Изменить размер шрифта - +

В-третьих, в составе системы был всего один купол площадью 540 кв. м вместо пяти парашютов площадью 760 кв. м каждый, а это обеспечивало увеличение скорости снижения техники до 25 м/с. Более чем в 4 раза!

В-четвертых, площадка приземления десанта в значительно меньшей степени накрывалась парашютными системами, которые часто вместе со стропами наматывались на ходовую часть начавшей движение боевой техники и задерживали ее выход с площадки.

В-пятых, боевая машина десантировалась с повышенным запасом топлива и могла без всякой подготовки совершать длительные марши и форсировать водные преграды.

Одновременно с созданием парашютно-реактивной системы под кодовым названием «Реактавр» усиленно шла работа по изучению возможностей десантирования экипажа внутри БМД-1.

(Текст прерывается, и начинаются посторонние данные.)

(* Let $|\Psi\rangle$ be a normalized state of $N$ qubits given by an open MPS in canonical Vidal form $\{\Gamma^{[i]},\Lambda^{[j]}\}$, fix a positive integer $\chi'$, let $|\tilde{\Psi}_{T}\rangle$ be the parallel-compressed MPS and $n=\big\||\tilde{\Psi}_{T}\rangle\big\|$. For $i=1,\dots,N-1$ let $\epsilon_i(\chi')=\sum_{\alpha>\chi'}(\Lambda^{[i]}_{\alpha\alpha})^2$, $\epsilon(\chi')=\sum_{i=1}^{N-1}\epsilon_i(\chi')$, $\nu_i=[1-\epsilon_i(\chi')]^{-1/2}$, and define the stabilized norm $n^*=n\prod_{i=1}^{N-1}\nu_i$. Then $$n^*_{\mathrm{lower}}\le n^*\le n^*_{\mathrm{upper}},\qquad n^*_{\mathrm{lower}}=\Big(1-\sqrt{2\epsilon(\chi')}\Big)\prod_{i=1}^{N-1}\nu_i,\quad n^*_{\mathrm{upper}}=\prod_{i=1}^{N-1}\nu_i,$$ with $n^*_{\mathrm{lower}}\le 1$ and $n^*_{\mathrm{upper}}\ge 1$. Moreover, $n^*_{\mathrm{lower}}$ and $n^*_{\mathrm{upper}}$ converge to $1$ uniformly as $\epsilon(\chi')\to 0$ (i.e., for every $\delta>0$ there is $\eta>0$, independent of $N$ and of the MPS, such that $\epsilon(\chi')<\eta$ implies $|n^*_{\mathrm{lower}}-1|<\delta$ and $|n^*_{\mathrm{upper}}-1|<\delta$).
   Context: An open MPS in Vidal form on $N$ sites with local dimension $d$ (here $d=2$) consists of tensors $\Gamma^{[i]\sigma_i}$ ($i=1,\dots,N$), each a $\chi_{i-1}\times\chi_i$ matrix for fixed $\sigma_i$, and real diagonal $\chi_i\times\chi_i$ matrices $\Lambda^{[i]}$ ($i=0,\dots,N$) with nonnegative diagonal entries in descending order, $\chi_0=\chi_N=1$, $\Lambda^{[0]}=\Lambda^{[N]}=(1)$, representing $|\Psi\rangle=\sum_{\sigma}\mathrm{Tr}(\Lambda^{[0]}\Gamma^{[1]\sigma_1}\Lambda^{[1]}\cdots\Lambda^{[N-1]}\Gamma^{[N]\sigma_N}\Lambda^{[N]})|\sigma_1\cdots\sigma_N\rangle$. Canonical form means: for every $i$, with $A^{[i]\sigma}=\Lambda^{[i-1]}\Gamma^{[i]\sigma}$ and $B^{[i]\sigma}=\Gamma^{[i]\sigma}\Lambda^{[i]}$, $\sum_\sigma (A^{[i]\sigma})^\dagger A^{[i]\sigma}=I_{\chi_i}$ and $\sum_\sigma B^{[i]\sigma}(B^{[i]\sigma})^\dagger=I_{\chi_{i-1}}$; then $\sum_\alpha(\Lambda^{[i]}_{\alpha\alpha})^2=1$ for each $i$ (so $\epsilon_i(\chi')<1$ when $\chi'\ge1$). $P_i$ is the projector onto the first $\min(\chi',\chi_i)$ standard basis vectors of the bond-$i$ space, and the parallel-compressed state is $|\tilde{\Psi}_{T}\rangle=\sum_{\sigma}\mathrm{Tr}(\Lambda^{[0]}\Gamma^{[1]\sigma_1}P_1\Lambda^{[1]}\Gamma^{[2]\sigma_2}\cdots P_{N-1}\Lambda^{[N-1]}\Gamma^{[N]\sigma_N}\Lambda^{[N]})|\sigma_1\cdots\sigma_N\rangle$. Empty sums are zero. *)

theory Defs
  imports "HOL-Analysis.Analysis" "HOL-Library.FuncSet"
begin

В Звездном городке мне удалось обстоятельно переговорить о работе космической ПРС при приземлении и получить информацию от космонавтов Г. Титова, Е. Хрунова, Б. Волынова, моего земляка Н. Ляхова, В. Горбатко, С. Савицкой и других. Все они отмечали повышенные перегрузки при приземлении, необходимость дублирования всех систем для повышения надежности. Но было сказано главное — спасение человека ПРС обеспечивает… В начале января 1976 года поздним вечером командующий ВДВ вызвал меня и Маргелова-младшего к себе в кабинет. Доброжелательно поздоровался, внимательно и испытывающе посмотрел в глаза, сел за стол и долго молчал. Нами овладевало волнение, оба поняли, что сейчас будет объявлено какое-то важное решение. В руках у Василия Филипповича были наши фотографии. После долгой паузы он сказал, что сегодня был у министра обороны маршала А. А. Гречко. Тот отказался утверждать офицерский экипаж для десантирования внутри машины с использованием ПРС. «Офицерами рисковать не буду», — был ответ министра. Тогда Маргелов встал и сказал: «Значит, внутри машины буду прыгать я!» Маршал не ожидал такого смелого и решительного заявления. В ситуацию вмешался начальник Генерального штаба маршал В. Г. Куликов и стал убеждать министра. Министр обороны долго колебался но, в конце концов, утвердил экипаж в составе подполковника Щербакова и капитана Маргелова.

Здесь же, в своем кабинете, командующий определил дату прыжка — он должен состояться через неделю в псковской 76-й вдд. Установлен запрет на любые сообщения о подготовке к рискованному эксперименту. Нам не разрешили говорить о цели командировки даже дома.

 

Мои спешные сборы заметила мама. Наверное, ее сердце почувствовало какую-то тревогу. Провожая меня за порог квартиры, она положила руку мне на грудь и с грустью посмотрела в глаза. Она очень ждала каких-то слов, но лишь молча поцеловала и отпустила.

По прибытии в 76-ю вдд нас разместили в гостевом домике командующего. Одна комната на двоих, кровати, тумбочки, вешалки для одежды, радиоприемник. Еще две пустые комнаты, небольшая столовая, бильярд в холле. За окном настоящая русская зима. В одном из полков готовилась боевая машина, к которой крепилась парашютно-реактивная система. Мы же приступили к составлению программы своей подготовки. Включили в нее утренний и вечерний медосмотр, измерение давления и пульса в спокойном состоянии и при нагрузке, физзарядку, лыжную пробежку, прыжки с парашютом, работу на средствах связи, вождение боевой машины по пересеченной местности, стрельбу из бортового оружия. Кроме этого мы принимали непосредственное участие в подготовке БМД-1 и системы к десантированию.

Неделя пролетела быстро. В дивизию прилетел генерал армии В. Ф. Маргелов с группой генералов и офицеров ВДВ, руководителями промышленных предприятий, ряда КБ, партийными и государственными работниками.

Время «Ч» было назначено на 10 утра 23 января 1976 года. Накануне нам под контролем начальника тыла дивизии разрешили попариться в бане, переодели в чистое белье. В уазике мы возвращались в наш приют, мела пурга.